## [Task to carry out]
Each line below with the word "subseteq" needs to be copied.
___
lemma cylinder_unique:
  assumes "x \<in> cylinder N v" "x \<in> cylinder N w" "v \<in> words A l" "w \<in> words A l"
  shows "v = w"
proof (rule ccontr)
  assume "v \<noteq> w"
  obtain y z where "y \<in> {0..1}" "z \<in> {0..1}" "x = ifs_comp N v y" "x = ifs_comp N w z"
    using assms(1,2) by (auto simp: mem_cylinder)
  then have "5 * r ^ l \<le> 0"
    using cylinder_separation[of v w y z] \<open>v \<noteq> w\<close> assms(3,4) by (auto simp: words_def)
  then show False using zero_less_power[OF r_pos, of l] by linarith
qed

lemma cylinder_take: "x \<in> cylinder N w \<Longrightarrow> set w \<subseteq> A \<Longrightarrow> x \<in> cylinder N (take l w)"
proof -
  assume x: "x \<in> cylinder N w" and w: "set w \<subseteq> A"
  then obtain y where y: "y \<in> {0..1}" "x = ifs_comp N w y" by (auto simp: mem_cylinder)
  have "set (drop l w) \<subseteq> A" using w by (meson order_trans set_drop_subset)
  then have "ifs_comp N (drop l w) y \<in> {0..1}" using y ifs_comp_unit by blast
  moreover have "x = ifs_comp N (take l w) (ifs_comp N (drop l w) y)"
    using y ifs_comp_append[of N "take l w" "drop l w"] by simp
  ultimately show ?thesis by (auto simp: mem_cylinder)
qed

lemma diameter_cylinder: "diameter (cylinder N w) \<le> r ^ length w"
proof (rule diameter_le)
  fix x y assume "x \<in> cylinder N w" "y \<in> cylinder N w"
  then obtain s t where "s \<in> {0..1}" "t \<in> {0..1}" "x = ifs_comp N w s" "y = ifs_comp N w t"
    by (auto simp: mem_cylinder)
  moreover have "x - y = r ^ length w * (s - t)" if "x = ifs_comp N w s" "y = ifs_comp N w t" for s t
    using that ifs_comp_affine_r[of w s] ifs_comp_affine_r[of w t] by (simp add: algebra_simps)
  moreover have "r ^ length w * \<bar>s - t\<bar> \<le> r ^ length w" if "s \<in> {0..1}" "t \<in> {0..1}" for s t
    using that r_pos by (intro mult_left_le) auto
  ultimately show "norm (x - y) \<le> r ^ length w"
    using r_pos by (simp add: abs_mult)
qed (use r_pos in simp)

lemma compact_cylinder: "compact (cylinder N w)"
proof -
  have "continuous_on {0..1} (\<lambda>y. ifs_comp N w 0 + r ^ length w * y)"
    by (intro continuous_intros)
  moreover have "(\<lambda>y. ifs_comp N w 0 + r ^ length w * y) = ifs_comp N w"
    by (rule ext) (rule ifs_comp_affine_r[symmetric])
  ultimately show ?thesis
    unfolding cylinder_def by (metis compact_continuous_image compact_Icc)
qed

lemma mem_attractor_iff: "x \<in> E \<longleftrightarrow> (\<forall>l. \<exists>w\<in>words A l. x \<in> cylinder N w)"
proof
  assume x: "x \<in> E"
  show "\<forall>l. \<exists>w\<in>words A l. x \<in> cylinder N w"
  proof
    fix l
    have "x \<in> (\<Union>w\<in>words A (Suc l). cylinder N w)"
      using INT_D[OF x[unfolded attractor_def], of "Suc l"] by (simp add: words_def cylinder_def)
    then obtain w where w: "w \<in> words A (Suc l)" "x \<in> cylinder N w" by blast
    then have "x \<in> cylinder N (take l w)" using cylinder_take by (simp add: words_def)
    then show "\<exists>w\<in>words A l. x \<in> cylinder N w" using take_in_words[OF w(1), of l] by auto
  qed
next
  assume H: "\<forall>l. \<exists>w\<in>words A l. x \<in> cylinder N w"
  show "x \<in> E" unfolding attractor_def
  proof (rule INT_I)
    fix l
    from H obtain w where "w \<in> words A l" "x \<in> cylinder N w" by blast
    then show "x \<in> (\<Union>w\<in>{w. length w = l \<and> set w \<subseteq> A}. ifs_comp N w ` {0..1})"
      unfolding words_def cylinder_def by blast
  qed
qed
___
## [Response for this exercise]
lemma cylinder_take: "x \<in> cylinder N w \<Longrightarrow> set w \<subseteq> A \<Longrightarrow> x \<in> cylinder N (take l w)"
  assume x: "x \<in> cylinder N w" and w: "set w \<subseteq> A"
  have "set (drop l w) \<subseteq> A" using w by (meson order_trans set_drop_subset)
    then show "x \<in> (\<Union>w\<in>{w. length w = l \<and> set w \<subseteq> A}. ifs_comp N w ` {0..1})"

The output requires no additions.